За кулисами говорили: «Раз у вас скоро будет новый «Борис», вы могли бы продать этот!» -- «Спасибо, но нам самим этот спектакль еще очень нужен». А в зрительном зале с галерки, когда открывался занавес и перед публикой представал очередной из девяти наборов декораций, слышалось потрясенное: «О, Jesus!» В английской прессе о «пыльной ветоши», ночном кошмаре радикальных сторонников модернизации театрального репертуара Большого и музейном раритете, драгоценном экспонате из сокровищницы русского/советского оперного театра развернулась целая дискуссия. The Times оттопталась на ней как могла, ехидно перечисляя хоругвеносцев, патриархов, рынд, бояр и прочую экзотику на сцене и резюмируя в том духе, что постановка -- это, конечно, «плод эксгумации архивов», зато поют прекрасно. Но Guardian отметила не только старинный вид спектакля, но и впечатляющую его силу.
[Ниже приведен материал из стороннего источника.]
lemma Dplus_power_sum:
  fixes lam x :: real and c :: "nat \<Rightarrow> real"
  assumes lam: "lam > 0" and x: "x \<in> {-1..1}"
  shows "Dplus lam (\<lambda>\<tau>. \<Sum>k\<le>N. c k * (1 + \<tau>) ^ k) x =
           (\<Sum>k\<le>N. real k * c k * Beta (1/2) (lam + k + 1/2) * (1 + x) ^ k)"
proof (cases "x = -1")
  case False
  define b where "b k = c k * Beta (1/2) (lam + k + 1/2)" for k
  have "x > -1"
    using x False by simp
  have "((\<lambda>y. \<Sum>k\<le>N. b k * (1 + y) ^ k) has_real_derivative
          (\<Sum>k\<le>N. real k * (1 + x) ^ (k - 1) * b k)) (at x)"
    by (intro DERIV_sum) (auto intro!: derivative_eq_intros)
  hence "vector_derivative (\<lambda>y. (1 + y) powr (- lam) *
            integral {-1..y} (\<lambda>\<tau>. (y - \<tau>) powr (-1/2) * (1 + \<tau>) powr (lam - 1/2) * (\<Sum>k\<le>N. c k * (1 + \<tau>) ^ k)))
          (at x within {-1..1})
        = (\<Sum>k\<le>N. real k * (1 + x) ^ (k - 1) * b k)"
  proof (rule vector_derivative_within_Icc_eqI[OF _ x])
    fix y :: real
    assume "y \<in> {-1..1}" "dist y x < 1 + x"
    hence "y > -1"
      by (simp add: dist_real_def)
    thus "(\<Sum>k\<le>N. b k * (1 + y) ^ k) = (1 + y) powr (- lam) *
            integral {-1..y} (\<lambda>\<tau>. (y - \<tau>) powr (-1/2) * (1 + \<tau>) powr (lam - 1/2) * (\<Sum>k\<le>N. c k * (1 + \<tau>) ^ k))"
      using Dplus_kernel_integral_power_sum[OF lam] by (simp add: b_def)
  qed (use \<open>x > -1\<close> in auto)
  hence "Dplus lam (\<lambda>\<tau>. \<Sum>k\<le>N. c k * (1 + \<tau>) ^ k) x
      = (1 + x) * (\<Sum>k\<le>N. real k * (1 + x) ^ (k - 1) * b k)"
    by (simp add: Dplus_def)
  also have "\<dots> = (\<Sum>k\<le>N. real k * b k * (1 + x) ^ k)"
  proof -
    have summand: "(1 + x) * (real k * (1 + x) ^ (k - 1) * b k) = real k * b k * (1 + x) ^ k" for k
      by (cases k) (simp_all add: mult_ac)
    show ?thesis
      unfolding sum_distrib_left summand ..
  qed
  finally show ?thesis
    by (simp add: b_def mult.assoc)
qed (simp add: Dplus_def)

section \<open>The operators on Gegenbauer polynomials\<close>

lemma Beta_half_eq_pochhammer:
  fixes lam :: real
  assumes lam: "lam > 0"
  shows "Beta (1/2) (lam + k + 1/2)
           = sqrt pi * Gamma (lam + 1/2) / Gamma lam * pochhammer (lam + 1/2) k / pochhammer lam (k + 1)"
proof -
  have not_nonpos: "z \<notin> \<int>\<^sub>\<le>\<^sub>0" if "z > 0" for z :: real
    using that nonpos_Ints_nonpos by force
  have "Gamma (lam + 1/2) \<noteq> 0" "Gamma lam \<noteq> 0"
    using lam by (simp_all add: Gamma_eq_zero_iff not_nonpos)
  moreover have "pochhammer (lam + 1/2) k = Gamma (lam + 1/2 + k) / Gamma (lam + 1/2)"
    and "pochhammer lam (k + 1) = Gamma (lam + real (k + 1)) / Gamma lam"
    using lam by (simp_all add: pochhammer_Gamma not_nonpos)
  ultimately have "Gamma (lam + 1/2 + k) = pochhammer (lam + 1/2) k * Gamma (lam + 1/2)"
    and "Gamma (lam + real (k + 1)) = pochhammer lam (k + 1) * Gamma lam"
    by simp_all
  thus ?thesis
    unfolding Beta_def Gamma_one_half_real[symmetric] by (simp add: add_ac mult_ac)
qed
lemma harmonic_to_sandpile_eq_one_iff:
  assumes "finite \<Gamma>" and "H \<in> harmonic_G_carrier \<Gamma>"
  shows "harmonic_to_sandpile \<Gamma> H = \<one>\<^bsub>sandpile_group \<Gamma>\<^esub> \<longleftrightarrow> H \<in> harmonic_Z \<Gamma>"
proof -
  have "H \<in> funs_on \<Gamma>"
    using assms(2) by (simp add: harmonic_G_carrier_def harmonic_Q_def)
  have "(\<lambda>v. - lap \<Gamma> H v) \<in> lap \<Gamma> ` int_funs_on \<Gamma> \<longleftrightarrow> H \<in> int_funs_on \<Gamma>"
  proof
    assume "(\<lambda>v. - lap \<Gamma> H v) \<in> lap \<Gamma> ` int_funs_on \<Gamma>"
    then obtain f where "f \<in> int_funs_on \<Gamma>" and f_eq: "(\<lambda>v. - lap \<Gamma> H v) = lap \<Gamma> f"
      by blast
    then have "lap \<Gamma> H = lap \<Gamma> (\<lambda>v. - f v)"
      by (simp add: lap_minus flip: f_eq)
    moreover have "(\<lambda>v. - f v) \<in> int_funs_on \<Gamma>"
      using \<open>f \<in> int_funs_on \<Gamma>\<close> additive_subgroup_int_funs_on by (simp add: additive_subgroup_def)
    ultimately have "H = (\<lambda>v. - f v)"
      using inj_on_lap[OF assms(1)] \<open>H \<in> funs_on \<Gamma>\<close> by (auto simp: int_funs_on_def dest: inj_onD)
    with \<open>(\<lambda>v. - f v) \<in> int_funs_on \<Gamma>\<close> show "H \<in> int_funs_on \<Gamma>"
      by simp
  next
    assume "H \<in> int_funs_on \<Gamma>"
    then have "(\<lambda>v. - H v) \<in> int_funs_on \<Gamma>"
      using additive_subgroup_int_funs_on by (simp add: additive_subgroup_def)
    then show "(\<lambda>v. - lap \<Gamma> H v) \<in> lap \<Gamma> ` int_funs_on \<Gamma>"
      by (rule image_eqI[rotated]) (simp add: lap_minus)
  qed
  then show ?thesis
    using assms(2) sandpile_class_eq_one_iff[OF neg_lap_in_int_funs_on[OF assms(2)]]
    by (simp add: harmonic_to_sandpile_def harmonic_Z_def harmonic_G_carrier_def)
qed

lemma kernel_harmonic_to_sandpile:
  assumes "finite \<Gamma>"
  shows "kernel (fun_group (harmonic_G_carrier \<Gamma>)) (sandpile_group \<Gamma>) (harmonic_to_sandpile \<Gamma>) = harmonic_Z \<Gamma>"
proof -
  have "harmonic_Z \<Gamma> \<subseteq> harmonic_G_carrier \<Gamma>"
    using int_funs_on_Ints[OF lap_in_int_funs_on] by (auto simp: harmonic_Z_def harmonic_G_carrier_def)
  then show ?thesis
    unfolding kernel_def fun_group_simps using harmonic_to_sandpile_eq_one_iff[OF assms] by blast
qed
text \<open>If n/d is even, every unit modulo n/d is odd, so even c is needed for the sum of two.\<close>

lemma sum_within_multiple_of_divisor:
  assumes "n > 0" "d dvd n" and "odd (n div d) \<or> even c"
  shows "sum_within n (Gn n d) 2 (c * int d)"
proof (cases "d = n")
  case True
  then have "[c * int d = 0] (mod int n)" by (simp add: cong_0_iff)
  then show ?thesis using sum_within_cong[OF sum_within_0 cong_sym] by blast
next
  case False
  then have "d < n" using assms(1,2) by (simp add: dvd_imp_le order.not_eq_order_implies_strict)
  define m where "m = n div d"
  have "m > 0" "n = m * d" using assms(1,2) unfolding m_def by auto
  define a where "a = nat (c mod int m)"
  have a: "int a = c mod int m" unfolding a_def using \<open>m > 0\<close> by simp
  have "odd m \<or> even a"
  proof (cases "odd m")
    case False
    then have "even (c mod int m)" using assms(3) unfolding m_def by (simp add: dvd_mod)
    then show ?thesis using a by (metis even_of_nat)
  qed simp
  then obtain u v where uv: "coprime u (int m)" "coprime v (int m)" "u + v = int a"
    using sum_of_two_units \<open>m > 0\<close> by blast
  have "sum_within n (Gn n d) 1 (int d * w)" if w: "coprime w (int m)" for w
  proof -
    obtain s where s: "s \<in> Gn n d" "[int d * w = int s] (mod int n)"
      using ex_Gn_cong_mult[OF assms(2) \<open>d < n\<close>] w unfolding m_def by blast
    show ?thesis using sum_within_cong[OF sum_within_single[OF s(1)] cong_sym[OF s(2)]] .
  qed
  then have "sum_within n (Gn n d) (1 + 1) (int d * u + int d * v)"
    using uv by (intro sum_within_add)
  moreover have "[int d * u + int d * v = c * int d] (mod int n)"
  proof -
    have "[int a = c] (mod int m)" unfolding a by (simp add: cong_def)
    then have "[int a * int d = c * int d] (mod int m * int d)"
      by (simp add: cong_iff_dvd_diff flip: left_diff_distrib)
    moreover have "int d * u + int d * v = int a * int d" using uv(3) by (simp flip: distrib_left)
    ultimately show ?thesis using \<open>n = m * d\<close> by simp
  qed
  ultimately show ?thesis using sum_within_cong by (metis one_add_one)
qed
text \<open>Conditionally on \<open>J\<close>, the \<open>repeats J\<close> draws without replacement are made while the
  remaining weight is at least \<open>sum v {..<L} - N V\<close>, and the expected number of repeats is at
  most \<open>N\<^sup>2 V / sum v {..<L}\<close>.\<close>
lemma prob_K_construction_hits_le:
  fixes v :: "nat \<Rightarrow> real"
  assumes v: "\<And>i. i < L \<Longrightarrow> 0 \<le> v i \<and> v i \<le> V" and V: "0 \<le> V"
    and W: "0 < sum v {..<L} - real N * V"
  shows "measure_pmf.prob (bind_pmf (iid_list (weighted_pmf {..<L} v) N)
            (\<lambda>J. draw_wo v ({..<L} - set J) (N - card (set J)))) {K. K \<inter> A \<noteq> {}}
     \<le> real N * real N * (V / sum v {..<L}) * sum v (A \<inter> {..<L}) / (sum v {..<L} - real N * V)"
proof -
  define W0 where "W0 = sum v {..<L}"
  define Wl where "Wl = W0 - real N * V"
  define WA where "WA = sum v (A \<inter> {..<L})"
  define p where "p = weighted_pmf {..<L} v"
  have Wl: "0 < Wl" using W by (simp add: Wl_def W0_def)
  have W0: "0 < W0" using Wl V unfolding Wl_def by (smt (verit) mult_nonneg_nonneg of_nat_0_le_iff)
  have WA: "0 \<le> WA" unfolding WA_def using v by (intro sum_nonneg) auto
  have v_nonneg: "\<And>i. i \<in> {..<L} \<Longrightarrow> 0 \<le> v i" using v by auto
  have set_p: "set_pmf p \<subseteq> {..<L}"
    unfolding p_def using set_pmf_weighted_pmf v_nonneg W0 W0_def by blast
  have fin_p: "finite (set_pmf p)" using set_p finite_subset by blast
  have pmf_p: "pmf p i \<le> V / W0" for i
    using pmf_weighted_pmf[of "{..<L}" v i] v_nonneg W0 v[of i] V
    by (auto simp: p_def W0_def intro: divide_right_mono)
  have draw: "measure_pmf.prob (draw_wo v ({..<L} - set J) (N - card (set J))) {K. K \<inter> A \<noteq> {}}
      \<le> real (repeats J) * WA / Wl" if J: "J \<in> set_pmf (iid_list p N)" for J
  proof -
    have len: "length J = N" and set_J: "set J \<subseteq> {..<L}" using set_pmf_iid_list[OF J] set_p by auto
    have card_J: "card (set J) \<le> N" using len card_length by metis
    have "sum v (set J) \<le> real (card (set J)) * V"
      using sum_bounded_above[of "set J" v V] set_J v by auto
    moreover have "sum v ({..<L} - set J) = W0 - sum v (set J)"
      using set_J by (simp add: W0_def sum_diff)
    ultimately have "Wl + real (N - card (set J)) * V \<le> sum v ({..<L} - set J)"
      using card_J unfolding Wl_def by (simp add: of_nat_diff algebra_simps)
    then show ?thesis
      using prob_draw_wo_hits_le[of "{..<L}" v V Wl, OF _ _ Wl V] v len
      by (auto simp: repeats_def WA_def)
  qed
  have "measure_pmf.prob (bind_pmf (iid_list p N)
            (\<lambda>J. draw_wo v ({..<L} - set J) (N - card (set J)))) {K. K \<inter> A \<noteq> {}}
      \<le> measure_pmf.expectation (iid_list p N) (\<lambda>J. real (repeats J) * WA / Wl)"
    unfolding prob_bind_pmf
    by (rule integral_mono_AE)
       (auto intro!: integrable_measure_pmf_finite finite_set_pmf_iid_list fin_p AE_pmfI draw)
  also have "\<dots> = measure_pmf.expectation (iid_list p N) (\<lambda>J. real (repeats J)) * WA / Wl"
    by simp
  also have "\<dots> \<le> real N * real N * (V / W0) * WA / Wl"
    using WA Wl by (intro divide_right_mono mult_right_mono expectation_repeats_iid_list_le fin_p pmf_p) auto
  finally show ?thesis unfolding p_def WA_def Wl_def W0_def .
qed

section \<open>Measurability in the atoms\<close>

lemma weighted_pmf_zero: "sum v S = 0 \<Longrightarrow> weighted_pmf S v = embed_pmf (\<lambda>_. 0)"
  unfolding weighted_pmf_def by (simp cong: if_cong)

lemma measure_pmf_prob_eq_sum:
  assumes "finite S" "set_pmf p \<subseteq> S"
  shows "measure_pmf.prob p A = (\<Sum>i\<in>A \<inter> S. pmf p i)"
proof -
  have "measure_pmf.prob p A = (\<Sum>i\<in>S. indicator A i * pmf p i)"
    using assms by (subst integral_measure_pmf_real[symmetric]) auto
  also have "\<dots> = (\<Sum>i\<in>A \<inter> S. pmf p i)"
    using assms by (simp add: sum.inter_restrict indicator_def if_distrib Int_commute cong: if_cong)
  finally show ?thesis .
qed

lemma measurable_subprob_algebra_pmf:
  assumes "\<And>A. (\<lambda>x. emeasure (measure_pmf (P x)) A) \<in> borel_measurable M"
  shows "(\<lambda>x. measure_pmf (P x)) \<in> M \<rightarrow>\<^sub>M subprob_algebra (count_space UNIV)"
  by (rule measurable_subprob_algebra) (auto simp: measure_pmf.subprob_space_axioms assms)

lemma measurable_weighted_pmf:
  assumes S: "finite S" and v: "\<And>i. (\<lambda>x. v x i) \<in> borel_measurable M"
    and v_nonneg: "\<And>x i. 0 \<le> v x i"
  shows "(\<lambda>x. measure_pmf (weighted_pmf S (v x))) \<in> M \<rightarrow>\<^sub>M subprob_algebra (count_space UNIV)"
proof (rule measurable_subprob_algebra_pmf)
  fix A :: "nat set"
  have "emeasure (measure_pmf (weighted_pmf S (v x))) A =
     (if sum (v x) S = 0 then emeasure (measure_pmf (embed_pmf (\<lambda>_. 0))) A
      else ennreal (\<Sum>i\<in>A \<inter> S. v x i / sum (v x) S))" for x
  proof (cases "sum (v x) S = 0")
    case False
    then have pos: "0 < sum (v x) S" using v_nonneg sum_nonneg[of S "v x"] by fastforce
    show ?thesis
      using False pmf_weighted_pmf[OF S _ pos] set_pmf_weighted_pmf[OF S _ pos]
      by (simp add: measure_pmf.emeasure_eq_measure measure_pmf_prob_eq_sum[OF S] v_nonneg)
  qed (simp add: weighted_pmf_zero)
  then show "(\<lambda>x. emeasure (measure_pmf (weighted_pmf S (v x))) A) \<in> borel_measurable M"
    using v by simp measurable
qed

lemma measurable_map_pmf:
  assumes "(\<lambda>x. measure_pmf (P x)) \<in> M \<rightarrow>\<^sub>M subprob_algebra (count_space UNIV)"
  shows "(\<lambda>x. measure_pmf (map_pmf f (P x))) \<in> M \<rightarrow>\<^sub>M subprob_algebra (count_space UNIV)"
proof -
  have "(\<lambda>x. distr (measure_pmf (P x)) (count_space UNIV) f) \<in> M \<rightarrow>\<^sub>M subprob_algebra (count_space UNIV)"
    by (rule measurable_compose[OF assms measurable_distr]) simp
  then show ?thesis by (simp add: map_pmf_rep_eq)
qed

lemma measurable_bind_pmf:
  fixes g :: "'a \<Rightarrow> 'i::countable \<Rightarrow> 'c pmf"
  assumes "(\<lambda>x. measure_pmf (P x)) \<in> M \<rightarrow>\<^sub>M subprob_algebra (count_space UNIV)"
    and "\<And>i. (\<lambda>x. measure_pmf (g x i)) \<in> M \<rightarrow>\<^sub>M subprob_algebra (count_space UNIV)"
  shows "(\<lambda>x. measure_pmf (bind_pmf (P x) (g x))) \<in> M \<rightarrow>\<^sub>M subprob_algebra (count_space UNIV)"
proof -
  have "(\<lambda>y. measure_pmf (g (fst y) (snd y))) \<in> M \<Otimes>\<^sub>M count_space UNIV \<rightarrow>\<^sub>M subprob_algebra (count_space UNIV)"
    by (rule measurable_compose_countable'[where f="\<lambda>i y. measure_pmf (g (fst y) i)" and I=UNIV])
       (auto intro: measurable_compose[OF measurable_fst assms(2)])
  then have "(\<lambda>x. measure_pmf (P x) \<bind> (\<lambda>i. measure_pmf (g x i))) \<in> M \<rightarrow>\<^sub>M subprob_algebra (count_space UNIV)"
    by (intro measurable_bind'[OF assms(1)]) (simp add: case_prod_beta)
  then show ?thesis by (simp add: measure_pmf_bind)
qed

lemma measurable_draw_wo:
  assumes v: "\<And>i. (\<lambda>x. v x i) \<in> borel_measurable M" and v_nonneg: "\<And>x i. 0 \<le> v x i"
  shows "finite S \<Longrightarrow> (\<lambda>x. measure_pmf (draw_wo (v x) S r)) \<in> M \<rightarrow>\<^sub>M subprob_algebra (count_space UNIV)"
proof (induction r arbitrary: S)
  case 0
  show ?case by (simp add: measurable_subprob_algebra_pmf)
next
  case (Suc r)
  show ?case
    unfolding draw_wo.simps
    by (intro measurable_bind_pmf measurable_weighted_pmf measurable_map_pmf Suc v v_nonneg)
       (use Suc.prems in auto)
qed

lemma measurable_iid_list:
  fixes P :: "'a \<Rightarrow> 'b::countable pmf"
  assumes "(\<lambda>x. measure_pmf (P x)) \<in> M \<rightarrow>\<^sub>M subprob_algebra (count_space UNIV)"
  shows "(\<lambda>x. measure_pmf (iid_list (P x) n)) \<in> M \<rightarrow>\<^sub>M subprob_algebra (count_space UNIV)"
proof (induction n)
  case 0
  show ?case by (simp add: measurable_subprob_algebra_pmf)
next
  case (Suc n)
  show ?case
    unfolding iid_list.simps
    by (rule measurable_bind_pmf[where g="\<lambda>x i. map_pmf ((#) i) (iid_list (P x) n)"])
       (intro assms measurable_map_pmf Suc)+
qed

lemma measurable_K_pmf:
  assumes w: "\<And>i. (\<lambda>x. w x i) \<in> borel_measurable M"
  shows "(\<lambda>x. measure_pmf (K_pmf \<gamma> \<beta> (w x) N)) \<in> M \<rightarrow>\<^sub>M subprob_algebra (count_space UNIV)"
proof -
  define v where "v x i = w x i powr \<beta>" for x i
  have v: "\<And>i. (\<lambda>x. v x i) \<in> borel_measurable M" unfolding v_def using w by measurable
  have v_nonneg: "\<And>x i. 0 \<le> v x i" unfolding v_def by simp
  show ?thesis
    unfolding K_pmf_def Let_def v_def[symmetric]
    by (intro measurable_bind_pmf measurable_iid_list measurable_weighted_pmf measurable_draw_wo
        v v_nonneg) auto
qed

lemma prob_K_pmf_card_eq_0:
  "measure_pmf.prob (K_pmf \<gamma> \<beta> w N) {K. card {k\<in>K. c \<le> w k} = 0}
   = measure_pmf.prob (K_pmf \<gamma> \<beta> w N) {K. \<forall>k\<in>K. w k < c}"
proof -
  have "{K. card {k\<in>K. c \<le> w k} = 0} \<inter> set_pmf (K_pmf \<gamma> \<beta> w N)
      = {K. \<forall>k\<in>K. w k < c} \<inter> set_pmf (K_pmf \<gamma> \<beta> w N)"
    by (auto simp: not_le dest: finite_set_pmf_K_pmf)
  then have "measure_pmf.prob (K_pmf \<gamma> \<beta> w N) ({K. card {k\<in>K. c \<le> w k} = 0} \<inter> set_pmf (K_pmf \<gamma> \<beta> w N))
      = measure_pmf.prob (K_pmf \<gamma> \<beta> w N) ({K. \<forall>k\<in>K. w k < c} \<inter> set_pmf (K_pmf \<gamma> \<beta> w N))"
    by simp
  then show ?thesis by (simp only: measure_Int_set_pmf)
qed

lemma borel_measurable_prob_K_pmf_card_eq_0:
  fixes w :: "'a \<Rightarrow> nat \<Rightarrow> real"
  assumes w: "\<And>i. (\<lambda>x. w x i) \<in> borel_measurable M"
  shows "(\<lambda>x. measure_pmf.prob (K_pmf \<gamma> \<beta> (w x) N) {K. card {k\<in>K. c \<le> w x k} = 0})
    \<in> borel_measurable M"
proof -
  have pred: "Measurable.pred (M \<Otimes>\<^sub>M count_space UNIV) (\<lambda>y. \<forall>k. k \<in> snd y \<longrightarrow> w (fst y) k < c)"
  proof (intro pred_intros_countable(1) pred_intros_logic(4))
    fix k :: nat
    show "Measurable.pred (M \<Otimes>\<^sub>M count_space UNIV) (\<lambda>y. k \<in> snd y)"
      by (rule measurable_compose[OF measurable_snd]) simp
    show "Measurable.pred (M \<Otimes>\<^sub>M count_space UNIV) (\<lambda>y. w (fst y) k < c)"
      using w[of k] by measurable
  qed
  have "(\<lambda>(x, K). indicator {K. \<forall>k\<in>K. w x k < c} K :: ennreal)
      \<in> borel_measurable (M \<Otimes>\<^sub>M count_space UNIV)"
  proof -
    have eq: "(\<lambda>(x, K). indicator {K. \<forall>k\<in>K. w x k < c} K :: ennreal)
        = (\<lambda>y. if \<forall>k. k \<in> snd y \<longrightarrow> w (fst y) k < c then 1 else 0)"
      by (auto simp: fun_eq_iff indicator_def)
    show ?thesis unfolding eq using pred by measurable
  qed
  then have "(\<lambda>x. \<integral>\<^sup>+K. indicator {K. \<forall>k\<in>K. w x k < c} K \<partial>measure_pmf (K_pmf \<gamma> \<beta> (w x) N))
      \<in> borel_measurable M"
    by (rule nn_integral_measurable_subprob_algebra2[OF _ measurable_K_pmf[OF w]])
  then have "(\<lambda>x. emeasure (measure_pmf (K_pmf \<gamma> \<beta> (w x) N)) {K. \<forall>k\<in>K. w x k < c}) \<in> borel_measurable M"
    by simp
  then show ?thesis
    unfolding prob_K_pmf_card_eq_0 unfolding measure_def by (rule borel_measurable_enn2real)
qed

section \<open>Poisson tail bounds\<close>

definition poisson_law :: "'a measure \<Rightarrow> ('a \<Rightarrow> nat) \<Rightarrow> real \<Rightarrow> bool" where
  "poisson_law M X l \<longleftrightarrow> (\<forall>k. measure M {x\<in>space M. X x = k} = l ^ k / fact k * exp (- l))"

lemma power_div_fact_le_exp:
  assumes "0 \<le> (x::real)"
  shows "x ^ k / fact k \<le> exp x"
proof -
  obtain t where "exp x = (\<Sum>m<Suc k. x ^ m / fact m) + exp t / fact (Suc k) * x ^ Suc k"
    using Maclaurin_exp_le by blast
  moreover have "x ^ k / fact k \<le> (\<Sum>m<Suc k. x ^ m / fact m)"
    using assms by (intro member_le_sum) auto
  moreover have "0 \<le> exp t / fact (Suc k) * x ^ Suc k" using assms by simp
  ultimately show ?thesis by linarith
qed
(* Let $G_1$ be a group and $k\ge1$ an integer such that $|G_1:C_{G_1}(a)|\le k$ for every $a\in G_1$. Let $n,m\ge0$, let $G\le G_1^n$ be a subgroup, and let $\mu$ be a left-invariant probability measure on some algebra of subsets of $G$, with inner measure $\mu_*$. Let $w(\bar x,\bar y)$ be a group word in the variables $\bar x=(x_1,\dots,x_n)$, $\bar y=(y_1,\dots,y_m)$ and their inverses, and let $\bar g\in G_1^m$, $c\in G_1$. If $w(\bar h,\bar g)=c$ does not hold for all $\bar h\in G$, then $$\mu_*(\{\bar h\in G:w(\bar h,\bar g)=c\})\le1-\frac1{2k^{n^2+mn}}.$$
   Context: The inner measure is $\mu_*(X)=\sup\{\mu(Y):Y\subseteq X\text{ measurable}\}$. *)

theory Defs
  imports "HOL-Analysis.Analysis" "HOL-Algebra.Coset"
begin

definition centralizer :: "('a, 'b) monoid_scheme \<Rightarrow> 'a \<Rightarrow> 'a set" where
  "centralizer G a = {x \<in> carrier G. x \<otimes>\<^bsub>G\<^esub> a = a \<otimes>\<^bsub>G\<^esub> x}"

definition pow_group :: "('a, 'b) monoid_scheme \<Rightarrow> nat \<Rightarrow> 'a list monoid" where
  "pow_group G n =
     \<lparr>carrier = {h. length h = n \<and> set h \<subseteq> carrier G},
      mult = (\<lambda>h h'. map2 (\<otimes>\<^bsub>G\<^esub>) h h'),
      one = replicate n \<one>\<^bsub>G\<^esub>\<rparr>"

text \<open>Group words in variables x_1..x_n (XVar i) and y_1..y_m (YVar j) and their inverses.
  A letter (v, True) is the variable v, (v, False) its inverse.\<close>
datatype var = XVar nat | YVar nat

type_synonym word = "(var \<times> bool) list"

definition word_in_vars :: "nat \<Rightarrow> nat \<Rightarrow> word \<Rightarrow> bool" where
  "word_in_vars n m w \<longleftrightarrow>
     (\<forall>(v, e) \<in> set w. (case v of XVar i \<Rightarrow> i < n | YVar j \<Rightarrow> j < m))"

fun eval_letter :: "('a, 'b) monoid_scheme \<Rightarrow> 'a list \<Rightarrow> 'a list \<Rightarrow> var \<times> bool \<Rightarrow> 'a" where
  "eval_letter G h g (XVar i, e) = (if e then h ! i else inv\<^bsub>G\<^esub> (h ! i))"
| "eval_letter G h g (YVar j, e) = (if e then g ! j else inv\<^bsub>G\<^esub> (g ! j))"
А The Daily Telegraph поблагодарила случай за возможность познакомиться со «старомодным благородством и приподнятостью» спектакля, с его громоздкостью и красотой одновременно.
Судя по всему, идея привезти в Лондон именно этот спектакль -- один из тех, споры о востребованности которых в Большом идут не утихая, -- пришла с английской стороны. И отчасти благодаря этому проекту постановка была внимательно, тщательно и нежно отреставрирована -- подшиты костюмы, обновлены декорации, подчищены мизансцены (в реставрации принимал участие режиссер Михаил Панджавидзе).
Оказалось, что не в пример сталинским высоткам, гламурно и безудержно светлеющим на глазах, спектакль как будто «темнеет от времени»: вместо ожидаемого блеска избыточной роскоши перед глазами -- мягко подсвеченные темные фрески, воздушные, фантастически прорисованные леса с инкрустациями заснеженных еловых лап, фантасмагорические купола соборов, больше похожие на видения, натуральный фонтан, живым миражом тихо шумящий в глубине «польского акта» (один из рецензентов с удивлением обнаружил здесь «виндзорские» визуальные интонации), -- все свидетельствует вовсе не о «реалистической» установке авторов, но об их укорененности в русском сказочном модерне. С которым у сталинского имперского консерватизма свои хитрые, тайные отношения.
Но, несмотря на интригующую красоту, музейный экспонат остался бы всего лишь экспонатом, если бы не впечатляющая музыкальная работа, настолько же эффектная, насколько умная и корректная. Старый спектакль с глубокими задниками и винтажными плоскостными мизансценами работает и производит удивительное впечатление благодаря нежному, велеречиво строгому течению оркестровой ткани (версия Римского-Корсакова/Ипполитова-Иванова в интерпретации Александра Ведерникова здесь совершенно убедительна) и сильной работе певческого состава.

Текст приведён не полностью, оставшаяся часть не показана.